Task objective: Below are records; reproduce exactly the lines from the one that has "using q that by (simp add: field_simps)" through the one that has "(w l)) \<Longrightarrow>", ends included, and nothing more.
── Exercise material ──
lemma nonneg_dominated_by_positive:
  fixes p :: nat and w :: "nat \<Rightarrow> real^'n" and b :: "real^'n"
  assumes w: "\<And>k i. k < p \<Longrightarrow> 0 \<le> w k $ i" and b: "\<And>i. 0 < b $ i"
  obtains K where "\<And>k i. k < p \<Longrightarrow> w k $ i \<le> K * b $ i"
proof
  define K where "K = (\<Sum>k<p. \<Sum>i\<in>UNIV. w k $ i / b $ i)"
  have terms_nonneg: "0 \<le> w k $ i / b $ i" if "k < p" for k i
    using w[OF that] b[of i] by simp
  fix k i assume "k < p"
  then have "w k $ i / b $ i \<le> (\<Sum>j\<in>UNIV. w k $ j / b $ j)"
    by (intro member_le_sum) (auto intro: terms_nonneg)
  also have "\<dots> \<le> K"
    unfolding K_def using \<open>k < p\<close> by (intro member_le_sum sum_nonneg) (auto intro: terms_nonneg)
  finally show "w k $ i \<le> K * b $ i"
    using b[of i] by (simp add: pos_divide_le_eq)
qed

lemma small_coefficient_absorbed:
  fixes h K q \<mu> x y \<beta> :: real
  assumes h: "0 \<le> h" "h \<le> \<mu> / (2 * q * (K\<^sup>2 + 1))" and q: "0 < q" and \<mu>: "0 \<le> \<mu>"
    and x: "0 \<le> x" "x \<le> K * \<beta>" and y: "0 \<le> y" "y \<le> K * \<beta>"
  shows "h * (x + y)\<^sup>2 \<le> 2 * (\<mu> / q) * \<beta>\<^sup>2"
proof -
  have rearrange: "\<mu> / (2 * q * D) * (4 * K\<^sup>2 * \<beta>\<^sup>2) = 2 * (\<mu> / q) * \<beta>\<^sup>2 * (K\<^sup>2 / D)"
    if "0 < D" for D
    using q that by (simp add: field_simps)
  have "(x + y)\<^sup>2 \<le> (2 * (K * \<beta>))\<^sup>2"
    using x y by (intro power_mono) auto
  then have "h * (x + y)\<^sup>2 \<le> \<mu> / (2 * q * (K\<^sup>2 + 1)) * (4 * K\<^sup>2 * \<beta>\<^sup>2)"
    using h by (intro mult_mono) (auto simp: power_mult_distrib)
  also have "\<dots> = 2 * (\<mu> / q) * \<beta>\<^sup>2 * (K\<^sup>2 / (K\<^sup>2 + 1))"
    by (rule rearrange) (simp add: add_nonneg_pos)
  also have "\<dots> \<le> 2 * (\<mu> / q) * \<beta>\<^sup>2"
    using q \<mu> by (intro mult_left_le) (auto simp: add_nonneg_pos)
  finally show ?thesis .
qed


section \<open>Sufficiency of the condition\<close>

lemma cp_small_coefficients:
  fixes p :: nat and w :: "nat \<Rightarrow> real^'n" and b :: "real^'n"
  assumes w: "\<And>k i. k < p \<Longrightarrow> 0 \<le> w k $ i" and b: "\<And>i. 0 < b $ i" and \<mu>: "0 < \<mu>"
    and p: "p \<noteq> 0"
  obtains \<eta> where "0 < \<eta>"
    "\<And>E H. transpose E = E \<Longrightarrow> E = (\<Sum>k<p. \<Sum>l<p. H k l *\<^sub>R outer (w k) (w l)) \<Longrightarrow>
      (\<And>k l. k < p \<Longrightarrow> l < p \<Longrightarrow> \<bar>H k l\<bar> \<le> \<eta>) \<Longrightarrow>
      (1/2) *\<^sub>R (\<Sum>k<p. outer (w k) (w k)) + \<mu> *\<^sub>R outer b b + E \<in> cp_cone"
proof -
  obtain K where K: "\<And>k i. k < p \<Longrightarrow> w k $ i \<le> K * b $ i"
    using nonneg_dominated_by_positive[of p w b] w b by blast
  define q where "q = (real p)\<^sup>2"
  have q: "0 < q"
    using p by (simp add: q_def)
  define a where "a = sqrt (\<mu> / q) *\<^sub>R b"
  have a: "0 \<le> a $ i" "(a $ i)\<^sup>2 = \<mu> / q * (b $ i)\<^sup>2" for i
    using b[of i] \<mu> q by (simp_all add: a_def power_mult_distrib less_imp_le)
  have aa: "q *\<^sub>R outer a a = \<mu> *\<^sub>R outer b b"
    using \<mu> q by (simp add: a_def vec_eq_iff algebra_simps flip: power2_eq_square)
  define \<eta> where "\<eta> = min (1 / (2 * real p)) (\<mu> / (2 * q * (K\<^sup>2 + 1)))"
  have "0 < \<eta>"
    using p \<mu> q by (simp add: \<eta>_def add_nonneg_pos)
  then show thesis
  proof (rule that)
    fix E H
    assume E_sym: "transpose E = E" and E_expansion: "E = (\<Sum>k<p. \<Sum>l<p. H k l *\<^sub>R outer (w k) (w l))"
      and H: "\<And>k l. k < p \<Longrightarrow> l < p \<Longrightarrow> \<bar>H k l\<bar> \<le> \<eta>"
    have "(1/2) *\<^sub>R (\<Sum>k<p. outer (w k) (w k)) + q *\<^sub>R outer a a + E \<in> cp_cone"
      unfolding q_def
    proof (rule cp_perturbation[OF w a(1) E_sym E_expansion])
      show "2 * real p * \<bar>H k l\<bar> \<le> 1" if "k < p" "l < p" for k l
        using H[OF that] p by (simp add: \<eta>_def field_simps)
      show "\<bar>H k l\<bar> * (w k $ i + w l $ i)\<^sup>2 \<le> 2 * (a $ i)\<^sup>2" if "k < p" "l < p" for k l i
      proof -
        have "\<bar>H k l\<bar> \<le> \<mu> / (2 * q * (K\<^sup>2 + 1))"
          using H[OF that] by (simp add: \<eta>_def)
        then have "\<bar>H k l\<bar> * (w k $ i + w l $ i)\<^sup>2 \<le> 2 * (\<mu> / q) * (b $ i)\<^sup>2"
          using q \<mu> w[OF that(1)] w[OF that(2)] K[OF that(1)] K[OF that(2)]
          by (intro small_coefficient_absorbed) auto
        then show ?thesis
          by (simp add: a(2))
      qed
    qed
    then show "(1/2) *\<^sub>R (\<Sum>k<p. outer (w k) (w k)) + \<mu> *\<^sub>R outer b b + E \<in> cp_cone"
      by (simp add: aa)
  qed
qed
───
Result for this task:
    using q that by (simp add: field_simps)
  have "(x + y)\<^sup>2 \<le> (2 * (K * \<beta>))\<^sup>2"
    using x y by (intro power_mono) auto
  then have "h * (x + y)\<^sup>2 \<le> \<mu> / (2 * q * (K\<^sup>2 + 1)) * (4 * K\<^sup>2 * \<beta>\<^sup>2)"
    using h by (intro mult_mono) (auto simp: power_mult_distrib)
  also have "\<dots> = 2 * (\<mu> / q) * \<beta>\<^sup>2 * (K\<^sup>2 / (K\<^sup>2 + 1))"
    by (rule rearrange) (simp add: add_nonneg_pos)
  also have "\<dots> \<le> 2 * (\<mu> / q) * \<beta>\<^sup>2"
    using q \<mu> by (intro mult_left_le) (auto simp: add_nonneg_pos)
  finally show ?thesis .
qed


section \<open>Sufficiency of the condition\<close>

lemma cp_small_coefficients:
  fixes p :: nat and w :: "nat \<Rightarrow> real^'n" and b :: "real^'n"
  assumes w: "\<And>k i. k < p \<Longrightarrow> 0 \<le> w k $ i" and b: "\<And>i. 0 < b $ i" and \<mu>: "0 < \<mu>"
    and p: "p \<noteq> 0"
  obtains \<eta> where "0 < \<eta>"
    "\<And>E H. transpose E = E \<Longrightarrow> E = (\<Sum>k<p. \<Sum>l<p. H k l *\<^sub>R outer (w k) (w l)) \<Longrightarrow>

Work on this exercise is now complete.